Jeremy Davis: Hello everyone welcome to our webinar on turning data into action with key findings and strategies for better customer education results. We will get started shortly while more people join. Let us know in the chat where you are joining from. I am in Tel Aviv Israel and it is great to see people joining from all over including Austin Portugal and Budapest. We will begin in one minute.
Annie Reiss: I see a few familiar names here welcome back everyone.

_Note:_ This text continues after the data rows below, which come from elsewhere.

text \<open>The Leibniz rule for the derivation x^-1 D applied to x^p \<cdot> y, read off on coefficients.\<close>

lemma xinvD_coeff_binomial:
  "xinvD_coeff p k r = (\<Sum>j\<le>k. real (k choose j) * falling_fact2 p (k - j) * xinvD_coeff 0 j r)"
proof (induction k arbitrary: r)
  case 0
  show ?case by simp
next
  case (Suc k)
  let ?F = "falling_fact2 p" and ?b = "xinvD_coeff 0"
  have shift: "(\<Sum>j\<le>k. real (k choose j) * ?F (Suc k - j) * ?b j r)
      = ?F (Suc k) * ?b 0 r + (\<Sum>j\<le>k. real (k choose Suc j) * ?F (k - j) * ?b (Suc j) r)"
  proof -
    have "(\<Sum>j\<le>k. real (k choose j) * ?F (Suc k - j) * ?b j r)
        = (\<Sum>j\<le>Suc k. real (k choose j) * ?F (Suc k - j) * ?b j r)"
      by simp
    then show ?thesis
      by (simp add: sum.atMost_Suc_shift del: sum.atMost_Suc)
  qed
  have "(\<Sum>j\<le>Suc k. real (Suc k choose j) * ?F (Suc k - j) * ?b j r)
      = (\<Sum>j\<le>k. real (k choose j) * ?F (Suc k - j) * ?b j r)
        + (\<Sum>j\<le>k. real (k choose j) * ?F (k - j) * ?b (Suc j) r)"
    unfolding shift
    by (simp add: sum.atMost_Suc_shift sum.distrib algebra_simps
             del: sum.atMost_Suc xinvD_coeff.simps)
  also have "\<dots> = (\<Sum>j\<le>k. real (k choose j) * ?F (k - j)
                 * (of_int (p - 2 * int k + int r) * ?b j r + (if r = 0 then 0 else ?b j (r - 1))))"
    unfolding sum.distrib[symmetric]
  proof (rule sum.cong[OF refl])
    fix j assume "j \<in> {..k}"
    then have "Suc k - j = Suc (k - j)" and "int (k - j) = int k - int j" by auto
    then show "real (k choose j) * ?F (Suc k - j) * ?b j r
          + real (k choose j) * ?F (k - j) * ?b (Suc j) r
        = real (k choose j) * ?F (k - j)
          * (of_int (p - 2 * int k + int r) * ?b j r + (if r = 0 then 0 else ?b j (r - 1)))"
      by (simp add: falling_fact2_Suc algebra_simps)
  qed
  also have "\<dots> = xinvD_coeff p (Suc k) r"
    by (cases "r = 0") (simp_all add: Suc.IH sum_distrib_left sum.distrib distrib_left ac_simps)
  finally show ?case ..
qed

lemma falling_fact2_even:
  "falling_fact2 (2 * int m) n = (if n \<le> m then 2 ^ n * fact m / fact (m - n) else 0)"
proof (induction n)
  case 0
  show ?case by simp
next
  case (Suc n)
  show ?case
  proof (cases "Suc n \<le> m")
    case True
    have "falling_fact2 (2 * int m) (Suc n) = 2 * (real m - real n) * falling_fact2 (2 * int m) n"
      by (simp add: falling_fact2_Suc)
    also have "falling_fact2 (2 * int m) n = 2 ^ n * fact m / fact (m - n)"
      using Suc.IH True by simp
    also have "fact (m - n) = (real m - real n) * fact (m - Suc n)"
      by (metis Suc_diff_Suc fact_Suc of_nat_fact Suc_le_lessD of_nat_diff Suc_leD True)
    also have "2 * (real m - real n) * (2 ^ n * fact m / ((real m - real n) * fact (m - Suc n)))
        = 2 ^ Suc n * fact m / fact (m - Suc n)"
      using True by (simp add: field_simps)
    finally show ?thesis
      using True by simp
  next
    case False
    then show ?thesis
      using Suc.IH by (cases "n = m") (auto simp: falling_fact2_Suc)
  qed
qed

text \<open>Up to the sign (-1)^d, the coefficient of z^s in the reverse Bessel polynomial \<theta>_(s+d)(z).\<close>

definition bessel_coeff :: "nat \<Rightarrow> nat \<Rightarrow> real" where
  "bessel_coeff s d = (-1) ^ d * fact (s + 2 * d) / (2 ^ d * fact s * fact d)"

lemma bessel_coeff_0_Suc: "bessel_coeff 0 (Suc d) = - (1 + 2 * real d) * bessel_coeff 0 d"
proof -
  have "fact (2 * Suc d) = (2 * real d + 2) * (2 * real d + 1) * (fact (2 * d) :: real)"
    by (simp add: fact_Suc algebra_simps)
  then show ?thesis
    by (simp add: bessel_coeff_def divide_simps) (simp add: algebra_simps)
qed

lemma bessel_coeff_Suc_Suc:
  "bessel_coeff (Suc s) (Suc d)
     = - (real s + 2 + 2 * real d) * bessel_coeff (Suc s) d + bessel_coeff s (Suc d)"
proof -
  have "fact (Suc s + 2 * Suc d)
          = (real s + 2 * real d + 3) * (real s + 2 * real d + 2) * (fact (s + 1 + 2 * d) :: real)"
    and "fact (s + 2 * Suc d) = (real s + 2 * real d + 2) * (fact (s + 1 + 2 * d) :: real)"
    by (simp_all add: fact_Suc algebra_simps)
  then show ?thesis
    by (simp add: bessel_coeff_def divide_simps) (simp add: algebra_simps)
qed

lemma xinvD_coeff_0_eq_bessel_coeff: "xinvD_coeff 0 (Suc s + d) (Suc s) = bessel_coeff s d"
proof (induction d arbitrary: s)
  case 0
  show ?case by (simp add: xinvD_coeff_diag bessel_coeff_def)
next
  case (Suc d)
  note IH_d = Suc.IH
  show ?case
  proof (induction s)
    case 0
    have "xinvD_coeff 0 (Suc 0 + Suc d) (Suc 0)
        = - (1 + 2 * real d) * xinvD_coeff 0 (Suc 0 + d) (Suc 0)"
      by (subst add_Suc_right, subst xinvD_coeff.simps(2))
        (simp add: xinvD_coeff_0_Suc_0 algebra_simps del: xinvD_coeff.simps)
    then show ?case
      using IH_d[of 0] bessel_coeff_0_Suc by simp
  next
    case (Suc s)
    have "xinvD_coeff 0 (Suc (Suc s) + Suc d) (Suc (Suc s))
        = - (real s + 2 + 2 * real d) * xinvD_coeff 0 (Suc (Suc s) + d) (Suc (Suc s))
          + xinvD_coeff 0 (Suc s + Suc d) (Suc s)"
      by (subst add_Suc_right, subst xinvD_coeff.simps(2))
        (simp add: algebra_simps del: xinvD_coeff.simps)
    then show ?case
      using Suc.IH IH_d[of "Suc s"] bessel_coeff_Suc_Suc by simp
  qed
qed
lemma induced_map_add:
  assumes "finite {q. f q \<noteq> 0}" "finite {q. g q \<noteq> 0}"
  shows "induced_map scale \<phi> (f + g) = induced_map scale \<phi> f + induced_map scale \<phi> g"
proof -
  let ?S = "{q. f q \<noteq> 0} \<union> {q. g q \<noteq> 0}"
  have S: "finite ?S" using assms by auto
  have "induced_map scale \<phi> (f + g) = (\<Sum>q\<in>?S. (f + g) q *s \<phi> (fst q) (snd q))"
    by (rule induced_map_superset) (use S in auto)
  also have "\<dots> = (\<Sum>q\<in>?S. f q *s \<phi> (fst q) (snd q)) + (\<Sum>q\<in>?S. g q *s \<phi> (fst q) (snd q))"
    by (simp add: scale_left_distrib sum.distrib)
  also have "\<dots> = induced_map scale \<phi> f + induced_map scale \<phi> g"
    by (subst (1 2) induced_map_superset[of ?S]) (use S in auto)
  finally show ?thesis .
qed

lemma induced_map_diff:
  assumes "finite {q. f q \<noteq> 0}" "finite {q. g q \<noteq> 0}"
  shows "induced_map scale \<phi> (f - g) = induced_map scale \<phi> f - induced_map scale \<phi> g"
  using induced_map_add[OF finite_support_diff[OF assms] assms(2), of \<phi>] by (metis diff_add_cancel eq_diff_eq)

lemma induced_map_free_scale:
  assumes "finite {q. f q \<noteq> 0}"
  shows "induced_map scale \<phi> (free_scale c f) = c *s induced_map scale \<phi> f"
proof -
  have "induced_map scale \<phi> (free_scale c f) = (\<Sum>q\<in>{q. f q \<noteq> 0}. free_scale c f q *s \<phi> (fst q) (snd q))"
    by (rule induced_map_superset) (use assms in \<open>auto simp: free_scale_def\<close>)
  then show ?thesis by (simp add: induced_map_def free_scale_def scale_sum_right)
qed

lemma induced_map_free_delta: "induced_map scale \<phi> (free_delta x y) = \<phi> x y"
proof -
  have "{q. free_delta x y q \<noteq> (0::'a)} = {(x, y)}" by (auto simp: free_delta_def)
  then show ?thesis by (simp add: induced_map_def free_delta_def)
qed

lemma induced_map_add_map:
  "induced_map scale (\<lambda>x y. \<phi> x y + \<psi> x y) f = induced_map scale \<phi> f + induced_map scale \<psi> f"
  by (simp add: induced_map_def scale_right_distrib sum.distrib)

lemma induced_map_scale_map:
  "induced_map scale (\<lambda>x y. c *s \<phi> x y) f = c *s induced_map scale \<phi> f"
  by (simp add: induced_map_def scale_sum_right mult.commute)

lemma bilinear_map_iff_relations_vanish:
  assumes "vector_space sA"
  shows "bilinear_map sA scale \<phi> \<longleftrightarrow> (\<forall>r\<in>bilin_relations sA. induced_map scale \<phi> r = 0)"
proof -
  have three: "induced_map scale \<phi> (free_delta a b - free_delta c d - free_delta e f)
      = \<phi> a b - \<phi> c d - \<phi> e f" for a b c d e f
    by (simp only: induced_map_diff finite_support_diff finite_support_free_delta induced_map_free_delta)
  have two: "induced_map scale \<phi> (free_delta a b - free_scale k (free_delta c d)) = \<phi> a b - k *s \<phi> c d"
    for a b c d k
    by (simp only: induced_map_diff finite_support_free_scale finite_support_free_delta
        induced_map_free_scale induced_map_free_delta)
  show ?thesis
  proof
    assume "bilinear_map sA scale \<phi>"
    then show "\<forall>r\<in>bilin_relations sA. induced_map scale \<phi> r = 0"
      unfolding bilinear_map_iff[OF assms vector_space_axioms] bilin_relations_def
      by (auto simp: three two)
  next
    assume vanish: "\<forall>r\<in>bilin_relations sA. induced_map scale \<phi> r = 0"
    have "\<phi> (x + x') y - \<phi> x y - \<phi> x' y = 0" "\<phi> x (y + y') - \<phi> x y - \<phi> x y' = 0"
      "\<phi> (sA c x) y - c *s \<phi> x y = 0" "\<phi> x (sA c y) - c *s \<phi> x y = 0" for x x' y y' c
      using vanish unfolding bilin_relations_def by (fastforce simp: three[symmetric] two[symmetric])+
    then show "bilinear_map sA scale \<phi>"
      unfolding bilinear_map_iff[OF assms vector_space_axioms] by (simp add: algebra_simps)
  qed
qed

end

lemma (in vector_space) induced_map_bilin_relations_span:
  assumes "vector_space sA" "bilinear_map sA scale \<phi>"
    and "r \<in> module.span free_scale (bilin_relations sA)"
  shows "induced_map scale \<phi> r = 0"
proof -
  have vanish: "induced_map scale \<phi> r' = 0" if "r' \<in> bilin_relations sA" for r'
    using that assms(2) bilinear_map_iff_relations_vanish[OF assms(1)] by blast
  have "finite {q. r q \<noteq> 0} \<and> induced_map scale \<phi> r = 0"
  proof (rule module.span_induct_alt[OF module_free_scale assms(3)])
    fix c r' r
    assume r': "r' \<in> bilin_relations sA" and IH: "finite {q. r q \<noteq> 0} \<and> induced_map scale \<phi> r = 0"
    note fin_r' = finite_support_free_scale[OF finite_support_bilin_relation[OF r'], of c]
    show "finite {q. (free_scale c r' + r) q \<noteq> 0} \<and> induced_map scale \<phi> (free_scale c r' + r) = 0"
      using finite_support_add[OF fin_r'] IH induced_map_add[OF fin_r']
        induced_map_free_scale[OF finite_support_bilin_relation[OF r']] vanish[OF r']
      by simp
  qed (simp add: induced_map_def)
  then show ?thesis ..
qed

locale tensor_square =
  fixes sA :: "'k::field \<Rightarrow> 'a::ab_group_add \<Rightarrow> 'a" and sT :: "'k \<Rightarrow> 't::ab_group_add \<Rightarrow> 't"
    and tensor :: "'a \<Rightarrow> 'a \<Rightarrow> 't"
  assumes is_tensor_square: "is_tensor_square sA sT tensor"
begin

sublocale A: vector_space sA using is_tensor_square by (simp add: is_tensor_square_def)
sublocale T: vector_space sT using is_tensor_square by (simp add: is_tensor_square_def)

lemma bilinear_tensor: "bilinear_map sA sT tensor"
  unfolding T.bilinear_map_iff_relations_vanish[OF A.vector_space_axioms]
  using is_tensor_square finite_support_bilin_relation
  by (meson is_tensor_square_def module.span_base module_free_scale)

lemma tensor_add_left: "tensor (x + x') y = tensor x y + tensor x' y"
  and tensor_add_right: "tensor x (y + y') = tensor x y + tensor x y'"
  and tensor_scale_left: "tensor (sA c x) y = sT c (tensor x y)"
  and tensor_scale_right: "tensor x (sA c y) = sT c (tensor x y)"
  using bilinear_tensor
  unfolding bilinear_map_iff[OF A.vector_space_axioms T.vector_space_axioms] by blast+

lemma tensor_zero_left: "tensor 0 y = 0"
  and tensor_zero_right: "tensor x 0 = 0"
  using tensor_add_left[of 0 0 y] tensor_add_right[of x 0 0] by simp_all

lemma tensor_sum_left: "tensor (\<Sum>i\<in>I. f i) y = (\<Sum>i\<in>I. tensor (f i) y)"
  by (induction I rule: infinite_finite_induct) (simp_all add: tensor_zero_left tensor_add_left)

lemma tensor_sum_right: "tensor x (\<Sum>i\<in>I. f i) = (\<Sum>i\<in>I. tensor x (f i))"
  by (induction I rule: infinite_finite_induct) (simp_all add: tensor_zero_right tensor_add_right)

definition tensor_coords :: "'t \<Rightarrow> ('a \<times> 'a \<Rightarrow> 'k)" where
  "tensor_coords t = (SOME f. finite {q. f q \<noteq> 0} \<and> t = induced_map sT tensor f)"

text \<open>Independent of the chosen coordinates: two coordinate vectors of the same tensor differ by an
  element of the span of the bilinearity relations, which every bilinear map kills.\<close>
definition tensor_lift :: "('a \<Rightarrow> 'a \<Rightarrow> 't) \<Rightarrow> 't \<Rightarrow> 't" where
  "tensor_lift \<phi> t = induced_map sT \<phi> (tensor_coords t)"

lemma finite_support_tensor_coords: "finite {q. tensor_coords t q \<noteq> 0}"
  and induced_map_tensor_coords: "induced_map sT tensor (tensor_coords t) = t"
proof -
  have "\<exists>f. finite {q. f q \<noteq> 0} \<and> t = induced_map sT tensor f"
    using is_tensor_square by (simp add: is_tensor_square_def)
  then have "finite {q. tensor_coords t q \<noteq> 0} \<and> t = induced_map sT tensor (tensor_coords t)"
    unfolding tensor_coords_def by (rule someI_ex)
  then show "finite {q. tensor_coords t q \<noteq> 0}" "induced_map sT tensor (tensor_coords t) = t"
    by simp_all
qed

lemma tensor_lift_induced_map:
  assumes \<phi>: "bilinear_map sA sT \<phi>" and f: "finite {q. f q \<noteq> 0}"
  shows "tensor_lift \<phi> (induced_map sT tensor f) = induced_map sT \<phi> f"
proof -
  let ?g = "tensor_coords (induced_map sT tensor f)"
  have g: "finite {q. ?g q \<noteq> 0}"
    by (rule finite_support_tensor_coords)
  have "induced_map sT tensor (?g - f) = 0"
    using f g by (simp add: T.induced_map_diff induced_map_tensor_coords)
  then have "?g - f \<in> module.span free_scale (bilin_relations sA)"
    using is_tensor_square finite_support_diff[OF g f] by (simp add: is_tensor_square_def)
  then have "induced_map sT \<phi> (?g - f) = 0"
    by (rule T.induced_map_bilin_relations_span[OF A.vector_space_axioms \<phi>])
  then show ?thesis
    using g f by (simp add: T.induced_map_diff tensor_lift_def)
qed

lemma tensor_lift_tensor: "bilinear_map sA sT \<phi> \<Longrightarrow> tensor_lift \<phi> (tensor x y) = \<phi> x y"
  using tensor_lift_induced_map[of \<phi> "free_delta x y"]
  by (simp add: finite_support_free_delta T.induced_map_free_delta)

lemma linear_tensor_lift:
  assumes \<phi>: "bilinear_map sA sT \<phi>"
  shows "Vector_Spaces.linear sT sT (tensor_lift \<phi>)"
proof -
  note fin = finite_support_tensor_coords
  have "tensor_lift \<phi> (t + t') = tensor_lift \<phi> t + tensor_lift \<phi> t'" for t t'
  proof -
    have "t + t' = induced_map sT tensor (tensor_coords t + tensor_coords t')"
      by (simp only: T.induced_map_add[OF fin fin] induced_map_tensor_coords)
    then have "tensor_lift \<phi> (t + t') = induced_map sT \<phi> (tensor_coords t + tensor_coords t')"
      using tensor_lift_induced_map[OF \<phi> finite_support_add[OF fin fin]] by metis
    then show ?thesis
      by (simp only: T.induced_map_add[OF fin fin] tensor_lift_def)
  qed
  moreover have "tensor_lift \<phi> (sT c t) = sT c (tensor_lift \<phi> t)" for c t
  proof -
    have "sT c t = induced_map sT tensor (free_scale c (tensor_coords t))"
      by (simp only: T.induced_map_free_scale[OF fin] induced_map_tensor_coords)
    then have "tensor_lift \<phi> (sT c t) = induced_map sT \<phi> (free_scale c (tensor_coords t))"
      using tensor_lift_induced_map[OF \<phi> finite_support_free_scale[OF fin]] by metis
    then show ?thesis
      by (simp only: T.induced_map_free_scale[OF fin] tensor_lift_def)
  qed
  ultimately show ?thesis
    by (simp add: Vector_Spaces.linear_iff T.vector_space_axioms)
qed

lemma tensor_lift_add: "tensor_lift \<phi> (t + t') = tensor_lift \<phi> t + tensor_lift \<phi> t'"
  and tensor_lift_scale: "tensor_lift \<phi> (sT c t) = sT c (tensor_lift \<phi> t)"
  if "bilinear_map sA sT \<phi>"
  using linear_tensor_lift[OF that] by (simp_all add: Vector_Spaces.linear_iff)

lemma tensor_lift_add_map: "tensor_lift (\<lambda>x y. \<phi> x y + \<psi> x y) t = tensor_lift \<phi> t + tensor_lift \<psi> t"
  and tensor_lift_scale_map: "tensor_lift (\<lambda>x y. sT c (\<phi> x y)) t = sT c (tensor_lift \<phi> t)"
  by (simp_all add: tensor_lift_def T.induced_map_add_map T.induced_map_scale_map)

lemma tensor_span: "t \<in> T.span {tensor x y | x y. True}"
proof -
  have "induced_map sT tensor (tensor_coords t) \<in> T.span {tensor x y | x y. True}"
    unfolding induced_map_def by (intro T.span_sum T.span_scale T.span_base) auto
  then show ?thesis by (simp add: induced_map_tensor_coords)
qed

end

section \<open>Graded vector spaces\<close>

locale graded =
  fixes sA :: "'k::field \<Rightarrow> 'a::ab_group_add \<Rightarrow> 'a" and V :: "'g \<Rightarrow> 'a set"
  assumes graded_space: "graded_space sA V"
begin

sublocale A: vector_space sA using graded_space by (simp add: graded_space_def)

lemma subspace_V: "A.subspace (V g)"
  using graded_space by (simp add: graded_space_def)

definition decomposition :: "('g \<Rightarrow> 'a) \<Rightarrow> 'a \<Rightarrow> bool" where
  "decomposition f x \<longleftrightarrow> finite {g. f g \<noteq> 0} \<and> (\<forall>g. f g \<in> V g) \<and> x = (\<Sum>g\<in>{g. f g \<noteq> 0}. f g)"

definition component :: "'g \<Rightarrow> 'a \<Rightarrow> 'a" where
  "component g x = (THE f. decomposition f x) g"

Jeremy Davis: Great to see returning attendees. Mike from Sedma is joining from southern Spain enjoying German Riesling. We are excited to get started. We like to begin with a fun poll question. Is the five second rule allowed or is it gross. My view is it depends. For my kids it is fine for me less so.
Dirk Braune: I was not familiar with the five second rule but I would give it more than five seconds.
Jeremy Davis: The five second rule means if food falls on the floor you have five seconds to pick it up before deciding whether to keep it. Most of our audience says it is fine. Now let us begin. Today we will discuss key findings for better customer education results based on three data sources Sedma survey results CloudShare industry data from over two hundred professionals and direct customer insights. I would like to introduce Annie who leads marketing at CloudShare with extensive experience in customer education and virtual labs.
Dirk Braune: Welcome from my side. I am the head of Kardex Academy. We focus on automated warehouse solutions. My background is in customer and partner education across technology companies. Sedma is a customer education management association with around one hundred companies sharing best practices and insights including surveys like the one we will discuss today.
Annie Reiss: We recently released an ebook on the voice of customer education. This webinar is valuable because it brings real industry data not always covered by analysts. It helps organizations benchmark and understand best practices.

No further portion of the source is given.